SentencePiece Tokens: ['token', '##ization', 'is', 'crucial', 'for', 'nl', '##p', 'models', '!']


**Comparison of outputs**
Given the text:

"Tokenization is crucial for NLP models!"

**For Word-level Tokenization** = Word level Tokens: ['Tokenization', 'is', 'crucial', 'for', 'NLP', 'models', '!']

**For character level tokenization** = Chraracter level Tokens: ['T', 'o', 'k', 'i', 'n', 'i', 'z', 'a', 't', 'i', 'o', 'n', ' ', 'i', 's', ' ', 'c', 'r', 'u', 'c', 'i', 'a', 'l', ' ', 'f', 'o', 'r', ' ', 'N', 'L', 'P', ' ', 'm', 'o', 'd', 'e', 'l', 's', '!']

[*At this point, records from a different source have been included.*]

lemma set_borel_measurable_mult:
  assumes "set_borel_measurable lborel S f" "set_borel_measurable lborel S g"
  shows "set_borel_measurable lborel S (\<lambda>x. f x * (g x::real))"
proof -
  have "(\<lambda>x. indicator S x *\<^sub>R (f x * g x)) = (\<lambda>x. (indicator S x *\<^sub>R f x) * (indicator S x *\<^sub>R g x))"
    by (auto simp: fun_eq_iff indicator_def)
  then show ?thesis using assms unfolding set_borel_measurable_def by simp
qed

lemma set_borel_measurable_add:
  assumes "set_borel_measurable lborel S f" "set_borel_measurable lborel S g"
  shows "set_borel_measurable lborel S (\<lambda>x. f x + (g x::real))"
proof -
  have "(\<lambda>x. indicator S x *\<^sub>R (f x + g x)) = (\<lambda>x. (indicator S x *\<^sub>R f x) + (indicator S x *\<^sub>R g x))"
    by (auto simp: fun_eq_iff indicator_def)
  then show ?thesis using assms unfolding set_borel_measurable_def by simp
qed

lemma set_borel_measurable_const: "set_borel_measurable lborel S (\<lambda>x. c::real)"
  unfolding set_borel_measurable_def using S_sets by simp

lemma set_borel_measurable_cmult:
  assumes "set_borel_measurable lborel S f"
  shows "set_borel_measurable lborel S (\<lambda>x. c * (f x::real))"
  by (rule set_borel_measurable_mult[OF set_borel_measurable_const assms])

lemma set_borel_measurable_borel:
  "f \<in> borel_measurable lborel \<Longrightarrow> set_borel_measurable lborel S (f::'a \<Rightarrow> real)"
  unfolding set_borel_measurable_def using S_sets by simp

lemma set_borel_measurable_continuous:
  "continuous_on UNIV f \<Longrightarrow> set_borel_measurable lborel S (f::'a \<Rightarrow> real)"
  by (rule set_borel_measurable_borel) (simp add: borel_measurable_continuous_onI)

lemma L2_set_borel_measurable: "L2 S f \<Longrightarrow> set_borel_measurable lborel S f" by (simp add: L2_def)

lemma L2_set_integrable:
  assumes "L2 S f" shows "set_integrable lborel S f"
proof (rule set_integrable_bound)
  show "set_integrable lborel S (\<lambda>x. 1 + (f x)\<^sup>2)"
    using assms set_integrable_const unfolding L2_def by (intro set_integral_add(1)) auto
  show "set_borel_measurable lborel S f" using assms by (simp add: L2_def)
  show "AE x in lborel. x \<in> S \<longrightarrow> norm (f x) \<le> norm (1 + (f x)\<^sup>2)"
  proof (intro AE_I2 impI)
    fix x
    have "\<bar>f x\<bar> \<le> 1 + (f x)\<^sup>2"
    proof (cases "\<bar>f x\<bar> \<le> 1")
      case True then show ?thesis by (smt (verit) zero_le_power2)
    next
      case False then have "\<bar>f x\<bar> * 1 \<le> \<bar>f x\<bar> * \<bar>f x\<bar>" by (intro mult_left_mono) auto
      then show ?thesis using abs_mult_self_eq[of "f x"] by (simp add: power2_eq_square)
    qed
    then show "norm (f x) \<le> norm (1 + (f x)\<^sup>2)" by simp
  qed
qed
lemma ring_RCFM: "ring (RCFM :: (nat \<Rightarrow> nat \<Rightarrow> 'k::field) ring)"
proof (rule ringI)
  show "abelian_group (RCFM :: (nat \<Rightarrow> nat \<Rightarrow> 'k) ring)"
  proof (rule abelian_groupI)
    fix x y :: "nat \<Rightarrow> nat \<Rightarrow> 'k"
    assume "x \<in> carrier RCFM" "y \<in> carrier RCFM"
    then show "x \<oplus>\<^bsub>RCFM\<^esub> y \<in> carrier RCFM"
      by (simp add: rcfm_carrier_iff finsupp_add rcfm_simps(3))
  next
    fix x :: "nat \<Rightarrow> nat \<Rightarrow> 'k"
    assume "x \<in> carrier RCFM"
    then show "\<exists>y\<in>carrier RCFM. y \<oplus>\<^bsub>RCFM\<^esub> x = \<zero>\<^bsub>RCFM\<^esub>"
      by (intro bexI[of _ "\<lambda>i j. - x i j"])
        (auto simp: rcfm_simps(3,4) rcfm_carrier_iff finsupp_def)
  qed (auto simp: rcfm_simps(3,4) rcfm_carrier_iff ac_simps)
next
  show "monoid (RCFM :: (nat \<Rightarrow> nat \<Rightarrow> 'k) ring)"
  proof (rule monoidI)
    fix x :: "nat \<Rightarrow> nat \<Rightarrow> 'k"
    assume x: "x \<in> carrier RCFM"
    have one: "\<one>\<^bsub>RCFM\<^esub> = (\<lambda>i. delta i :: nat \<Rightarrow> 'k)"
      by (auto simp: rcfm_simps(5) delta_def fun_eq_iff)
    show "\<one>\<^bsub>RCFM\<^esub> \<otimes>\<^bsub>RCFM\<^esub> x = x"
      by (simp add: rcfm_mult_dot one dot_delta_left)
    have "(\<lambda>l. delta l j) = (delta j :: nat \<Rightarrow> 'k)" for j
      by (auto simp: delta_def)
    then show "x \<otimes>\<^bsub>RCFM\<^esub> \<one>\<^bsub>RCFM\<^esub> = x"
      using x by (simp add: rcfm_mult_dot one rcfm_carrier_iff dot_delta_right)
  next
    show "\<one>\<^bsub>RCFM\<^esub> \<in> carrier (RCFM :: (nat \<Rightarrow> nat \<Rightarrow> 'k) ring)"
      by (simp add: rcfm_carrier_iff rcfm_simps(5) finsupp_def)
  qed (simp_all add: rcfm_mult_closed rcfm_mult_assoc)
next
  fix x y z :: "nat \<Rightarrow> nat \<Rightarrow> 'k"
  assume x: "x \<in> carrier RCFM" and y: "y \<in> carrier RCFM"
  then show "(x \<oplus>\<^bsub>RCFM\<^esub> y) \<otimes>\<^bsub>RCFM\<^esub> z = x \<otimes>\<^bsub>RCFM\<^esub> z \<oplus>\<^bsub>RCFM\<^esub> y \<otimes>\<^bsub>RCFM\<^esub> z"
    by (simp add: rcfm_mult_dot rcfm_simps(3) rcfm_carrier_iff dot_add_left)
  show "z \<otimes>\<^bsub>RCFM\<^esub> (x \<oplus>\<^bsub>RCFM\<^esub> y) = z \<otimes>\<^bsub>RCFM\<^esub> x \<oplus>\<^bsub>RCFM\<^esub> z \<otimes>\<^bsub>RCFM\<^esub> y"
    by (simp add: rcfm_mult_dot rcfm_simps(3) dot_add_right)
qed

lemma right_module_abelian_group: "right_module R M \<Longrightarrow> abelian_group M"
  by (simp add: right_module_def)

lemma rsmult_closed:
  "right_module R M \<Longrightarrow> x \<in> carrier M \<Longrightarrow> r \<in> carrier R \<Longrightarrow> rsmult M x r \<in> carrier M"
  by (simp add: right_module_def)

lemma rsmult_add_left:
  "right_module R M \<Longrightarrow> x \<in> carrier M \<Longrightarrow> y \<in> carrier M \<Longrightarrow> r \<in> carrier R \<Longrightarrow>
     rsmult M (x \<oplus>\<^bsub>M\<^esub> y) r = rsmult M x r \<oplus>\<^bsub>M\<^esub> rsmult M y r"
  by (simp add: right_module_def)

lemma rsmult_add_right:
  "right_module R M \<Longrightarrow> x \<in> carrier M \<Longrightarrow> r \<in> carrier R \<Longrightarrow> s \<in> carrier R \<Longrightarrow>
     rsmult M x (r \<oplus>\<^bsub>R\<^esub> s) = rsmult M x r \<oplus>\<^bsub>M\<^esub> rsmult M x s"
  by (simp add: right_module_def)

lemma rsmult_mult:
  "right_module R M \<Longrightarrow> x \<in> carrier M \<Longrightarrow> r \<in> carrier R \<Longrightarrow> s \<in> carrier R \<Longrightarrow>
     rsmult M x (r \<otimes>\<^bsub>R\<^esub> s) = rsmult M (rsmult M x r) s"
  by (simp add: right_module_def)

lemma rsmult_zero:
  assumes M: "right_module R M" and r: "r \<in> carrier R"
  shows "rsmult M \<zero>\<^bsub>M\<^esub> r = \<zero>\<^bsub>M\<^esub>"
proof -
  interpret M: abelian_group M
    using M by (rule right_module_abelian_group)
  have c: "rsmult M \<zero>\<^bsub>M\<^esub> r \<in> carrier M"
    using M r by (simp add: rsmult_closed)
  have "rsmult M \<zero>\<^bsub>M\<^esub> r \<oplus>\<^bsub>M\<^esub> rsmult M \<zero>\<^bsub>M\<^esub> r = rsmult M \<zero>\<^bsub>M\<^esub> r \<oplus>\<^bsub>M\<^esub> \<zero>\<^bsub>M\<^esub>"
    using rsmult_add_left[OF M M.zero_closed M.zero_closed r] c by simp
  then show ?thesis
    using c by simp
qed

**For Byte Pair Encoding** = BPE Tokens: ['Token', 'ization', 'Ġis', 'Ġcrucial', 'Ġfor', 'ĠN', 'LP', 'Ġmodels', '!']

**For Wordpiece Tokenizer** = WordPiece Tokens: ['token', '##ization', 'is', 'crucial', 'for', 'nl', '##p', 'models', '!']

**SentencePiece Tokenizer** = ['token', '##ization', 'is', 'crucial', 'for', 'nl', '##p', 'models', '!']

**Discussion: Advantages and Limitations**
**Word-level:**       

                        Advantages: - Easy to understand
                                    - Preserves full word meanings

                       Disadvantages: - Struggles with unknown words (OOV problem)
                                      - Vocabulary can become very large

**Character-level:**

                       Advantages: - No OOV issues (any text can be processed)
                                   - Small vocabulary size

                      Disadvantages: - Longer sequences → slower training
                                     - Hard to capture word-level meaning

**Byte Pair Encoding (BPE):**

                        Advantages: - Balances between full words and subwords
                                    - Reduces OOVs
                                    - Efficient on medium-sized data

                        Disadvantages: - Might break rare or new words awkwardly
                                       - Vocabulary still needs careful tuning

**Wordpiece Tokenizer:**

                          Advantages:  - Better handling of unseen words
                                       - Optimized for large datasets
                                       - Used in models like BERT

                          Disadvantages: - Requires large training corpora
                                          - More complex preprocessing

**SentencePiece:**          

                          Advantages:  - Language-independent (works without spaces)
                                       - Great for low-resource languages
                                       - Trains directly on raw text
                          Disadvantages: - Slightly more complicated setup
                                         - May not perfectly align with intuitive word boundaries


**Final Summary**

1. Word-level is simple but brittle (bad with unknown words).

2. Character-level is flexible but impractical for long sequences.

3. BPE/WordPiece/SentencePiece (Subword tokenizers) offer the best of both worlds:
smaller vocabularies, good handling of new words, and better generalization.